It is estimated that over 70 media channels covered the engagements, with the top three positioned squads automatically qualifying to represent the continent for the 2010 World Championship, to be held from August 28 to September 12, in Turkey. This historic event also coincides with ongoing celebratory activities marking the 40th anniversary of Libya's 1 September Revolution (Great Al-Fatih Revolution) which brought Muammar Gaddafi to power, and the tenth anniversary of the Sirte Declaration establishing the African Union (AU) on September 9, 1999.

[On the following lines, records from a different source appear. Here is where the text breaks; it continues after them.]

text \<open>
  A finitely supported element \<open>x\<close> has a least support: if \<open>C\<close> and \<open>D\<close> support \<open>x\<close> and
  \<open>a \<in> C - D\<close>, then \<open>a\<close> can be moved within its gap relative to \<open>(C - {a}) \<union> D\<close>, and every
  automorphism fixing \<open>C - {a}\<close> factors through automorphisms fixing \<open>C\<close> and fixing the
  moved copy of \<open>C\<close>. The elements of the least support, in increasing order, are the
  coordinates of \<open>x\<close>.

  An ultrafilter \<open>U\<close> in the Stone compactification of \<open>X\<close> is determined by the orbits of \<open>X\<close>
  it contains and by its profile: for each \<open>j\<close>, the rationals \<open>q\<close> such that \<open>U\<close> contains
  the set of points whose \<open>j\<close>-th coordinate is greater than (resp. equal to) \<open>q\<close>. Indeed, a
  finitely supported \<open>S \<in> U\<close> contains a member of \<open>U\<close> on which all points are conjugate over
  a support of \<open>S\<close>, namely the set of points of an orbit in \<open>U\<close> whose coordinates lie on the
  side of each element of that support prescribed by the profile. Since \<open>U\<close> is finitely
  supported, the profile consists of invariant lower cuts and of empty or one-point sets, so it
  is described by finitely many shapes and finitely many rational endpoints. Coordinates are
  bounded in number on \<open>X\<close>, so up to an automorphism fixing the support \<open>A\<close> of \<open>X\<close> (which
  only sees the order type of the endpoints over \<open>A\<close>) there are finitely many such data.
\<close>

section \<open>Order automorphisms of \<open>\<rat>\<close>\<close>

lemma qaut_le_iff [simp]: "\<pi> \<in> qaut \<Longrightarrow> \<pi> x \<le> \<pi> y \<longleftrightarrow> x \<le> y"
  unfolding qaut_def by blast

lemma qaut_less_iff [simp]: "\<pi> \<in> qaut \<Longrightarrow> \<pi> x < \<pi> y \<longleftrightarrow> x < y"
  by (simp add: less_le_not_le)

lemma qaut_eq_iff [simp]: "\<pi> \<in> qaut \<Longrightarrow> \<pi> x = \<pi> y \<longleftrightarrow> x = y"
  by (metis order_antisym order_refl qaut_le_iff)

lemma qaut_bij: "\<pi> \<in> qaut \<Longrightarrow> bij \<pi>"
  unfolding qaut_def by blast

==Host Selection Process==
Libya's selection as the host country was decided by the Fédération Internationale de Basketball (FIBA) Executive Committee, approved by the Central Board of FIBA Africa, and officially announced in Tripoli on February 7, 2009. The decision favoring Libya to organize the 25th edition, followed the withdrawal of Nigeria who failed to conform to FIBA Africa guidelines. Signing of the official contract was conducted at a ceremony at Tripoli’s Corinthia Bab Africa Hotel on February 4, 2009, in the presence of Libya’s National Olympic Committee president Mohammad Al-Amariy, Dr. Muhammad Gaddafi, and president of the Libyan Arab Basketball Federation (LBF), Omar El Barshushi.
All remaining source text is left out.